_AIM OF THE EXERCISE_:
Scan the lines below and report each one containing "rule" by copying it.

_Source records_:
╭──
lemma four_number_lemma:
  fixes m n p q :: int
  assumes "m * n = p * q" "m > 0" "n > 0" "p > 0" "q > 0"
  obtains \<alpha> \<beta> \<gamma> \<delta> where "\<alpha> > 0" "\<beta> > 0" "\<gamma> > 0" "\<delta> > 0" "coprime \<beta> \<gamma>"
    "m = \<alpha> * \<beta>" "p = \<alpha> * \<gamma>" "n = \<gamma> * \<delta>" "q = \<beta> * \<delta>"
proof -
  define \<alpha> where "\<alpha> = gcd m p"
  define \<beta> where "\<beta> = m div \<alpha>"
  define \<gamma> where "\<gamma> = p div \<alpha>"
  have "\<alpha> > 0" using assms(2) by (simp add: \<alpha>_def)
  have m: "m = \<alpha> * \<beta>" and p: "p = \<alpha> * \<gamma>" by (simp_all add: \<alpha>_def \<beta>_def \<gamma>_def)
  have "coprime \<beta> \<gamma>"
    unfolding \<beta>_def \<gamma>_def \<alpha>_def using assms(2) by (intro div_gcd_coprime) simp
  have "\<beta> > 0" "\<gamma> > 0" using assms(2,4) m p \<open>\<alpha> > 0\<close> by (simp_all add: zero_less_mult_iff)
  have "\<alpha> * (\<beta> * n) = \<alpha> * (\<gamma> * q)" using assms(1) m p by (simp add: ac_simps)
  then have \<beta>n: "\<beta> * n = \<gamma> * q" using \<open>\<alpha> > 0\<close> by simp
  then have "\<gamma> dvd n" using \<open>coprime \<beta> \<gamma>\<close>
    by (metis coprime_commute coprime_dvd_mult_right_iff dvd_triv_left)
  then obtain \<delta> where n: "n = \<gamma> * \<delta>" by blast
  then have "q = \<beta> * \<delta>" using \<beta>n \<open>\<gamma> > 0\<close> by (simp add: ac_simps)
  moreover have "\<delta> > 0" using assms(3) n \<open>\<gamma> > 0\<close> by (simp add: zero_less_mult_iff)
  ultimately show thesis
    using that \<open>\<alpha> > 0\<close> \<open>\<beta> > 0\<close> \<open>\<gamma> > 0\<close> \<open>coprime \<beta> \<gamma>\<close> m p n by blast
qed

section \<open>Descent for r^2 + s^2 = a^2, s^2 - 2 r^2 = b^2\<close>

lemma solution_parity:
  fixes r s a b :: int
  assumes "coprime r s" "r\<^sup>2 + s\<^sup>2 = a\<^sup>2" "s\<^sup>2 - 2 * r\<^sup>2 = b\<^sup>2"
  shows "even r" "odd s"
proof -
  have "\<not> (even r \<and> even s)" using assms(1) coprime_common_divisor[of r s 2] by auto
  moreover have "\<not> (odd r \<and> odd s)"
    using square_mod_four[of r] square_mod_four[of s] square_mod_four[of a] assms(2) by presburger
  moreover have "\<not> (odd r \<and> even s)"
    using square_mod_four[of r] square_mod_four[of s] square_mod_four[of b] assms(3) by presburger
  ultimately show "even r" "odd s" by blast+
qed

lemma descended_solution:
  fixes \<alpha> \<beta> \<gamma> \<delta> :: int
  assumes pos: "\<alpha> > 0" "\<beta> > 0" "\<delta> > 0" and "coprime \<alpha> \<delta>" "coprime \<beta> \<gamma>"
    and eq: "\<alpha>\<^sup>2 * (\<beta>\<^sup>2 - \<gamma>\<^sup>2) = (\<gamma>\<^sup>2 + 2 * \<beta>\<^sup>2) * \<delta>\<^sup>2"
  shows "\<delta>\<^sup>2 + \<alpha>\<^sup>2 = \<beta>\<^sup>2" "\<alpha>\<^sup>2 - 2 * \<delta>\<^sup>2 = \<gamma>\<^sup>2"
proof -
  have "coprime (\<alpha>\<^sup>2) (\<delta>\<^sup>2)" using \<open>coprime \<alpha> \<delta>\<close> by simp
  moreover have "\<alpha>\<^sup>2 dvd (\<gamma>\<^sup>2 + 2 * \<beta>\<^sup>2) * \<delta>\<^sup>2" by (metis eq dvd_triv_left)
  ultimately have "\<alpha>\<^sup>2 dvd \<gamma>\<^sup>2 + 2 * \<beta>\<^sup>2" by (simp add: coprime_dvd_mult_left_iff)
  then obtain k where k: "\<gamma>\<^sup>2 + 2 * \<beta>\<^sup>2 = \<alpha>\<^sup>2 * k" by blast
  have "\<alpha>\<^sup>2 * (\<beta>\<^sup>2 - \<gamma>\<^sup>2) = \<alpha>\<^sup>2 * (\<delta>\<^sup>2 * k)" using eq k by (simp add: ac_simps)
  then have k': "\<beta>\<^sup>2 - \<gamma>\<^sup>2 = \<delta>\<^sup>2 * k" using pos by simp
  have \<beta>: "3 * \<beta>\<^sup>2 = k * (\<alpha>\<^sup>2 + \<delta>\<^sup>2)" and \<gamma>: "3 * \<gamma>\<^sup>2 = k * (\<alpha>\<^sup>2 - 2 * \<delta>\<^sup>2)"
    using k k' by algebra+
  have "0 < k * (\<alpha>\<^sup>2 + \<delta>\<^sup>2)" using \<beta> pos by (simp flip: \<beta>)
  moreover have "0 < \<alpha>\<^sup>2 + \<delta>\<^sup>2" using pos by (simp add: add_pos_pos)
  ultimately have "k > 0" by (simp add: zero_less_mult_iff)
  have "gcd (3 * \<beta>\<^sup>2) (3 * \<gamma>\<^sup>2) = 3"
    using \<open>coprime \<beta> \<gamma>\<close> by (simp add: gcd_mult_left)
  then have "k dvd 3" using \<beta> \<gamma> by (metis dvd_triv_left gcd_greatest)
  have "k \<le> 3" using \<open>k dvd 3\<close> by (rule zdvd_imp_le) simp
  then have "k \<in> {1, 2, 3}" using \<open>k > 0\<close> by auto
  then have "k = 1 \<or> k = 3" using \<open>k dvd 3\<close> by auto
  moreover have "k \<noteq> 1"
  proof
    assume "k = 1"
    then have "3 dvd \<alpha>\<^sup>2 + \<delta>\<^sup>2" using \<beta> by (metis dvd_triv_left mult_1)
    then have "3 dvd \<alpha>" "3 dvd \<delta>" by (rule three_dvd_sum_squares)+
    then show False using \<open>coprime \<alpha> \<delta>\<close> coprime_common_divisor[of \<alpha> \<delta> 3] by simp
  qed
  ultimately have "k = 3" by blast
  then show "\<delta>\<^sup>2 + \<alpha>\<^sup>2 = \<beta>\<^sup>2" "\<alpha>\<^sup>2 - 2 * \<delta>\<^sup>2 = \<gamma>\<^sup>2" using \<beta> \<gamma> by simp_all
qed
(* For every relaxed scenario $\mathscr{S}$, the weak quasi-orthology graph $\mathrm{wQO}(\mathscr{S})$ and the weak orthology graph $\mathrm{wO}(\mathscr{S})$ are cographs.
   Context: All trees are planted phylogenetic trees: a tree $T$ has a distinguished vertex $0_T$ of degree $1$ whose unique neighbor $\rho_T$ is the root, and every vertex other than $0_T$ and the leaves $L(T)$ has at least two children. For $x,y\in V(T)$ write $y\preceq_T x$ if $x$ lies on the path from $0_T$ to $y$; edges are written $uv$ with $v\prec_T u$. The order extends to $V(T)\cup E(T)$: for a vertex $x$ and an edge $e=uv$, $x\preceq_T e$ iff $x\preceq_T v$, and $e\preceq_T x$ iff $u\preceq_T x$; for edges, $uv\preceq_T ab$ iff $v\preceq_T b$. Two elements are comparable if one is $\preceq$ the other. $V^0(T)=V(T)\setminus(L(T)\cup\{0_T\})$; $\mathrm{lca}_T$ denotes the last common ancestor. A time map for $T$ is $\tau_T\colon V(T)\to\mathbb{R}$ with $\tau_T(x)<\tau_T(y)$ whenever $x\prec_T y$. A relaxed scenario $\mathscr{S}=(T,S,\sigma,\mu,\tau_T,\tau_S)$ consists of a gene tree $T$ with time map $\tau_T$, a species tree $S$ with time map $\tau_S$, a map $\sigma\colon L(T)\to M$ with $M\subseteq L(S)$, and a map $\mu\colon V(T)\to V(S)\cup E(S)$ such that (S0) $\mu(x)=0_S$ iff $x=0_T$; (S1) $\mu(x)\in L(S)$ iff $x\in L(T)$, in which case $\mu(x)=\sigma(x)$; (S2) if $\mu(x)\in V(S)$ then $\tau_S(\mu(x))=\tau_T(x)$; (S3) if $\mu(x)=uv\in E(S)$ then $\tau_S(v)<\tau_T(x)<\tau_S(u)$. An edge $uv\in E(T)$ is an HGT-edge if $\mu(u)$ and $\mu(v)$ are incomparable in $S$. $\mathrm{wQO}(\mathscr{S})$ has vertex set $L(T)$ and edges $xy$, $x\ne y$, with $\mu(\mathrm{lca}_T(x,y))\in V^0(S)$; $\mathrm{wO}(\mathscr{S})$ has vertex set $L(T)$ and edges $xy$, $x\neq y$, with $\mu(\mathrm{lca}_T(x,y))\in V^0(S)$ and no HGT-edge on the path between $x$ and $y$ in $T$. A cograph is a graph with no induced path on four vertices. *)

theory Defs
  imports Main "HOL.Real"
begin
╰──
_THE ANSWER_:
  have "k \<le> 3" using \<open>k dvd 3\<close> by (rule zdvd_imp_le) simp
    then have "3 dvd \<alpha>" "3 dvd \<delta>" by (rule three_dvd_sum_squares)+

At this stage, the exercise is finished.